Samedi 14 juillet de 13h à minuit
Saturday the 14th of june from 13h to midnight
Cuisine, Écris et Chante
Cook, Write, and Sing

ATELIER DE CUISINE DE RÉCONFORT – 13h à 16h
CONFORT COOKING WORKSHOP – 1 pm to 4 pm

ATELIER D’ÉCRITURE DE CHANSONS ANTIRACISTES – 16h à 19h30
ANTI RACIST SONG WRITING – 4 pm to 7.30 pm

KARAOKE DÉCONSTRUCTIF – 20h à la fin
DECONSTRUCTIVE KARAOKE TIME – 8 pm to end

Pour notre dernière proposition de ce mois dédié aux luttes contre les violences policières et le racisme d’État, Outrage Collectif vous invite pour une journée centrée sur la cuisine et la musique. Le racisme structurel s’articule à tous les niveaux des sociétés occidentales, y compris les aspects les plus banales et intimes comme la manière dont nous mangeons ou les chansons que nous écoutons.

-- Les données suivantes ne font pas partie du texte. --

lemma has_real_derivative_polylog_exp:
  fixes c x :: real
  assumes "c > 0" "x > 0"
  shows "((\<lambda>x. polylog (Suc k) (exp (- c * x))) has_real_derivative
          - c * polylog k (exp (- c * x))) (at x)"
proof -
  define t where "t n y = exp (- c * y) ^ Suc n / real (Suc n) ^ Suc k" for n :: nat and y :: real
  define t' where "t' n y = - c * (exp (- c * y) ^ Suc n / real (Suc n) ^ k)" for n :: nat and y :: real
  define r where "r = exp (- c * x / 2)"
  have r: "0 < r" "r < 1"
    using assms by (simp_all add: r_def)
  define S where "S = {x / 2 <..}"
  have S: "open S" "convex S" "x \<in> S"
    using assms by (simp_all add: S_def)
  have deriv: "(t n has_real_derivative t' n y) (at y)" for n y
  proof -
    have "(t n has_real_derivative
        real (Suc n) * exp (- c * y) ^ n * (exp (- c * y) * - c) / real (Suc n) ^ Suc k) (at y)"
      unfolding t_def[abs_def] by (auto intro!: derivative_eq_intros simp del: of_nat_Suc power_Suc)
    also have "real (Suc n) * exp (- c * y) ^ n * (exp (- c * y) * - c) / real (Suc n) ^ Suc k = t' n y"
      by (simp add: t'_def field_simps del: of_nat_Suc)
    finally show ?thesis .
  qed
  have bound: "norm (t' n y) \<le> c * r ^ Suc n" if "y \<in> S" for n y
  proof -
    have "exp (- c * y) \<le> r"
      using that assms by (simp add: S_def r_def)
    then have "exp (- c * y) ^ Suc n \<le> r ^ Suc n"
      by (rule power_mono) simp
    then have "exp (- c * y) ^ Suc n / real (Suc n) ^ k \<le> r ^ Suc n / 1"
      using r by (intro frac_le) (simp_all del: of_nat_Suc power_Suc)
    then have "c * (exp (- c * y) ^ Suc n / real (Suc n) ^ k) \<le> c * r ^ Suc n"
      using assms by (intro mult_left_mono) simp_all
    then show ?thesis
      using assms by (simp add: t'_def abs_mult del: of_nat_Suc power_Suc)
  qed
  have "summable (\<lambda>n. c * r ^ Suc n)"
    using r summable_Suc_iff[of "\<lambda>n. r ^ n"] summable_geometric[of r] by (intro summable_mult) simp
  moreover have "summable (\<lambda>n. t n x)"
    unfolding t_def using assms by (intro summable_polylog) simp
  ultimately have "((\<lambda>x. \<Sum>n. t n x) has_real_derivative (\<Sum>n. t' n x)) (at x)"
    by (intro has_field_derivative_suminf_Weierstrass(2)[OF S(1,2,3) _ S(3) deriv bound])
  moreover have "(\<Sum>n. t' n x) = - c * polylog k (exp (- c * x))"
    unfolding t'_def polylog_def using assms by (intro suminf_mult summable_polylog) simp
  ultimately show ?thesis
    by (simp add: t_def polylog_def)
qed

lemma polylog_exp_tendsto_zeta:
  fixes c :: real
  assumes "k \<ge> 2" "c \<ge> 0"
  shows "((\<lambda>x. polylog k (exp (- c * x))) \<longlongrightarrow> zeta (real k)) (at_right 0)"
proof -
  have "((\<lambda>x. exp (- c * x)) \<longlongrightarrow> 1) (at_right 0)"
    using tendsto_exp[OF tendsto_mult_left[OF tendsto_ident_at, of "- c" 0 "{0<..}"]] by simp
  moreover have "exp (- c * x) \<in> {-1..1}" if "x > 0" for x
  proof -
    have "0 < exp (- c * x)" "exp (- c * x) \<le> 1"
      using assms that by simp_all
    then show ?thesis
      unfolding atLeastAtMost_iff by linarith
  qed
  then have "\<forall>\<^sub>F x in at_right 0. exp (- c * x) \<in> {-1..1}"
    using eventually_at_right_less[of 0] by (auto elim: eventually_mono)
  ultimately have "((\<lambda>x. polylog k (exp (- c * x))) \<longlongrightarrow> polylog k 1) (at_right 0)"
    by (intro continuous_on_tendsto_compose[OF continuous_on_polylog[OF assms(1)]]) auto
  then show ?thesis
    by (simp add: polylog_at_1)
qed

For the last proposition of this month dedicated to the struggles against police violence and state racism, Outrage Collectif invites you to a day focusing on cooking and music. Structural racism is enmeshed in every aspect of western societies, including the most trivial and intimate levels like the way we eat or the songs we listen to.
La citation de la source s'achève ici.